4. I also chose this synthesis because the product is paramagnetic and I was looking for a mag suseptibility lab as well.
The main "downside" to this expt is that it does generate Ag metal which can form a film on glassware which requires cleaning. Also, I use diatomaceous earth to help catch the Ag when filtering so it doesn't get caught in the filter pores. This requires the filter aid to be present when degassing, and sometimes students will not be open the stopcock to vacuum slowly enough when degassing the apparatus. They can then cause some filter aid to get up in the Schlenk manifold.
If anyone is interested in the procedure I'd be glad to send my lab handout to you. You can get ahold of me at bjohnson@csbsju.edu.
Brian
Brian-
You could consider using HBF4 or FeCl3 instead of the silver salt. The preps are detailed at the end of the classic Connelly and Geiger paper (Chem. Rev. 1996, 96, 877 DOI: 10.1021/cr940053x http://pubs.acs.org/doi/pdf/10.1021/cr940053x). The FeCl3 prep still gives you all the features you were looking for without having the Ag (s) to deal with. Just a thought.

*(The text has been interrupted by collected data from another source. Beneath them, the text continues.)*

(* Let $0<m\le L$ and let $(\alpha,\beta,\gamma)$ be constant parameters. Define $a(\lambda)=\beta-\gamma\alpha\lambda$ and $b(\lambda)=(1+\gamma)\alpha\lambda-(1+\beta)$. The two-step momentum algorithm is stable for all $f\in\mathcal{Q}_m^L$ if and only if (1) $(b(\lambda),a(\lambda))\in\Delta$ for all $\lambda\in[m,L]$, equivalently (2) $(b(\lambda),a(\lambda))\in\Delta$ for $\lambda\in\{m,L\}$. Furthermore, for $\rho\in(0,1)$, the linear convergence rate $\rho$ is achieved for all $f\in\mathcal{Q}_m^L$ if and only if (1) $(b(\lambda),a(\lambda))\in\Delta_\rho$ for all $\lambda\in[m,L]$, equivalently (2) $(b(\lambda),a(\lambda))\in\Delta_\rho$ for $\lambda\in\{m,L\}$. Here $\Delta=\{(b,a):|b|-1<a<1\}$ and $\Delta_\rho=\{(b,a):\rho(|b|-\rho)\le a\le\rho^2\}$.
   Context: $\mathcal{Q}_m^L$ is the class of quadratic functions $f(x)=\tfrac12x^TQx-q^Tx$ on $\mathbb{R}^n$ with $q\in\mathbb{R}^n$, $Q=Q^T\succ0$ whose largest eigenvalue is $L$ and smallest is $m$; $x^\star$ is the minimizer. The (noiseless) two-step momentum algorithm is $x^{t+2}=x^{t+1}+\beta(x^{t+1}-x^t)-\alpha\nabla f\big(x^{t+1}+\gamma(x^{t+1}-x^t)\big)$; with $\psi^t=[(x^t-x^\star)^T,(x^{t+1}-x^\star)^T]^T$, $\psi^{t+1}=A\psi^t$, $A=\begin{bmatrix}0&I\\-\beta I+\gamma\alpha Q&(1+\beta)I-(1+\gamma)\alpha Q\end{bmatrix}$. The algorithm is stable for all $f\in\mathcal{Q}_m^L$ if the spectral radius of $A$ is less than $1$ for every $f\in\mathcal{Q}_m^L$; it achieves linear convergence rate $\rho$ for all $f\in\mathcal{Q}_m^L$ if the spectral radius of $A$ is at most $\rho$ for every $f\in\mathcal{Q}_m^L$. *)

theory Defs
  imports "Jordan_Normal_Form.Spectral_Radius"
begin

definition momentum_matrix :: "nat \<Rightarrow> real \<Rightarrow> real \<Rightarrow> real \<Rightarrow> real mat \<Rightarrow> real mat" where
  "momentum_matrix n \<alpha> \<beta> \<gamma> Q =
     four_block_mat (0\<^sub>m n n) (1\<^sub>m n)
       ((- \<beta>) \<cdot>\<^sub>m 1\<^sub>m n + (\<gamma> * \<alpha>) \<cdot>\<^sub>m Q)
       ((1 + \<beta>) \<cdot>\<^sub>m 1\<^sub>m n - ((1 + \<gamma>) * \<alpha>) \<cdot>\<^sub>m Q)"

text \<open>Q is the Hessian of some f in Q_m^L on R^n: symmetric positive definite,
  largest eigenvalue L, smallest eigenvalue m. (The linear term q does not affect A.)\<close>
definition in_QmL :: "nat \<Rightarrow> real \<Rightarrow> real \<Rightarrow> real mat \<Rightarrow> bool" where
  "in_QmL n m L Q \<longleftrightarrow> Q \<in> carrier_mat n n \<and> transpose_mat Q = Q \<and>
     (\<forall>x \<in> carrier_vec n. x \<noteq> 0\<^sub>v n \<longrightarrow> x \<bullet> (Q *\<^sub>v x) > 0) \<and>
     eigenvalue Q m \<and> eigenvalue Q L \<and>
     (\<forall>ev. eigenvalue Q ev \<longrightarrow> m \<le> ev \<and> ev \<le> L)"

definition stable_all :: "nat \<Rightarrow> real \<Rightarrow> real \<Rightarrow> real \<Rightarrow> real \<Rightarrow> real \<Rightarrow> bool" where
  "stable_all n m L \<alpha> \<beta> \<gamma> \<longleftrightarrow> (\<forall>Q. in_QmL n m L Q \<longrightarrow>
     spectral_radius (map_mat complex_of_real (momentum_matrix n \<alpha> \<beta> \<gamma> Q)) < 1)"

definition rate_all :: "nat \<Rightarrow> real \<Rightarrow> real \<Rightarrow> real \<Rightarrow> real \<Rightarrow> real \<Rightarrow> real \<Rightarrow> bool" where
  "rate_all n m L \<alpha> \<beta> \<gamma> \<rho> \<longleftrightarrow> (\<forall>Q. in_QmL n m L Q \<longrightarrow>
     spectral_radius (map_mat complex_of_real (momentum_matrix n \<alpha> \<beta> \<gamma> Q)) \<le> \<rho>)"

definition Delta :: "(real \<times> real) set" where
  "Delta = {(b, a). \<bar>b\<bar> - 1 < a \<and> a < 1}"

definition Delta_rho :: "real \<Rightarrow> (real \<times> real) set" where
  "Delta_rho \<rho> = {(b, a). \<rho> * (\<bar>b\<bar> - \<rho>) \<le> a \<and> a \<le> \<rho>\<^sup>2}"

end

theory Submission
  imports Defs "HOL-Analysis.Convex"
begin

text \<open>On vectors of the form (u, z u) with Q u = \<lambda> u the iteration matrix acts as multiplication
  by z exactly when z is a root of z^2 + b(\<lambda>) z + a(\<lambda>); since the symmetric Q has only real
  eigenvalues, the spectrum of the iteration matrix is the set of these roots for \<lambda> in the
  spectrum of Q. The roots of z^2 + b z + a lie in the open unit disc iff (b, a) \<in> Delta and in
  the closed disc of radius \<rho> iff (b, a) \<in> Delta_rho \<rho>. Both sets are convex and
  \<lambda> \<mapsto> (b(\<lambda>), a(\<lambda>)) is affine, so the conditions need only be checked at \<lambda> = m, L; the
  matrix diag(m, L, ..., L) shows that they are also necessary.\<close>

lemma real_symmetric_eigenvalue_real:
  fixes Q :: "real mat"
  assumes Q: "Q \<in> carrier_mat n n" and sym: "transpose_mat Q = Q"
    and ev: "eigenvalue (map_mat complex_of_real Q) \<mu>"
  shows "\<mu> \<in> \<real>"
proof -
  let ?A = "map_mat complex_of_real Q"
  have A: "?A \<in> carrier_mat n n" and symA: "transpose_mat ?A = ?A"
    using Q sym by (auto simp: map_mat_transpose)
  obtain v where v: "v \<in> carrier_vec n" "v \<noteq> 0\<^sub>v n" and Av: "?A *\<^sub>v v = \<mu> \<cdot>\<^sub>v v"
    using ev A unfolding eigenvalue_def eigenvector_def by auto
  have conj_Av: "conjugate (?A *\<^sub>v v) = ?A *\<^sub>v conjugate v"
    using Q v by (intro eq_vecI) (auto simp: scalar_prod_def cnj_sum)
  have "\<mu> * (v \<bullet>c v) = (?A *\<^sub>v v) \<bullet>c v"
    using v by (simp add: Av)
  also have "\<dots> = v \<bullet> (?A *\<^sub>v conjugate v)"
    using transpose_vec_mult_scalar[OF A, of "conjugate v" v] v by (simp add: symA)
  also have "\<dots> = cnj \<mu> * (v \<bullet>c v)"
    using v by (simp flip: conj_Av add: Av conjugate_smult_vec)
  finally have "\<mu> = cnj \<mu>"
    using v by simp
  then show ?thesis
    by (metis Reals_cnj_iff)
qed

lemma eigenvalue_map_of_real_iff:
  fixes Q :: "real mat"
  assumes "Q \<in> carrier_mat n n"
  shows "eigenvalue (map_mat complex_of_real Q) (of_real r) \<longleftrightarrow> eigenvalue Q r"
  using assms by (simp add: eigenvalue_root_char_poly of_real_hom.char_poly_hom
      of_real_hom.poly_map_poly)

lemma eigenvalue_mat_diag_iff:
  fixes f :: "nat \<Rightarrow> 'a::field"
  shows "eigenvalue (mat_diag n f) k \<longleftrightarrow> k \<in> f ` {..<n}"
proof -
  have "upper_triangular (mat_diag n f)"
    by (auto simp: mat_diag_def upper_triangular_def)
  then have "char_poly (mat_diag n f) = (\<Prod>a\<leftarrow>diag_mat (mat_diag n f). [:- a, 1:])"
    by (rule char_poly_upper_triangular[OF mat_diag_dim])
  moreover have "diag_mat (mat_diag n f) = map f [0..<n]"
    by (simp add: diag_mat_def mat_diag_def)
  ultimately show ?thesis
    by (auto simp: eigenvalue_root_char_poly[OF mat_diag_dim] poly_prod_list_zero_iff)
qed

There was a typo in my initial post. The oxygen indicator is Cp2TiCl2 reduced with Zn. I use a toluene solution ("green juice") as an indicator in my glove boxes and an acetonitrile solution ("blue juice") for the Schlenk line practice.
Hello, Joseph.
If you are still looking, I (humbly) recommend a J. Chem. Educ. article I published seven years ago (see below). My research group was preparing air-stable THF complexes under anaerobic conditions to react with an air-sensitive reactant. I noticed that our procedure involved all the common Schlenk techniques, so I developed a lab exercise for my classes. The one downside is that all the starting materials and products are actually air-stable, so there is no "penalty" if a student makes a mistake; on the other hand, the metal source is safe (CuCl2.2H2O).
Craig Davis
Davis, C.M.; Curran, K.A.. “Manipulation of a Schlenk Line: Preparation of Tetrahydrofuran Complexes of Transition-Metal Chlorides.” J. Chem. Educ. 2007, 84, 1822-1823.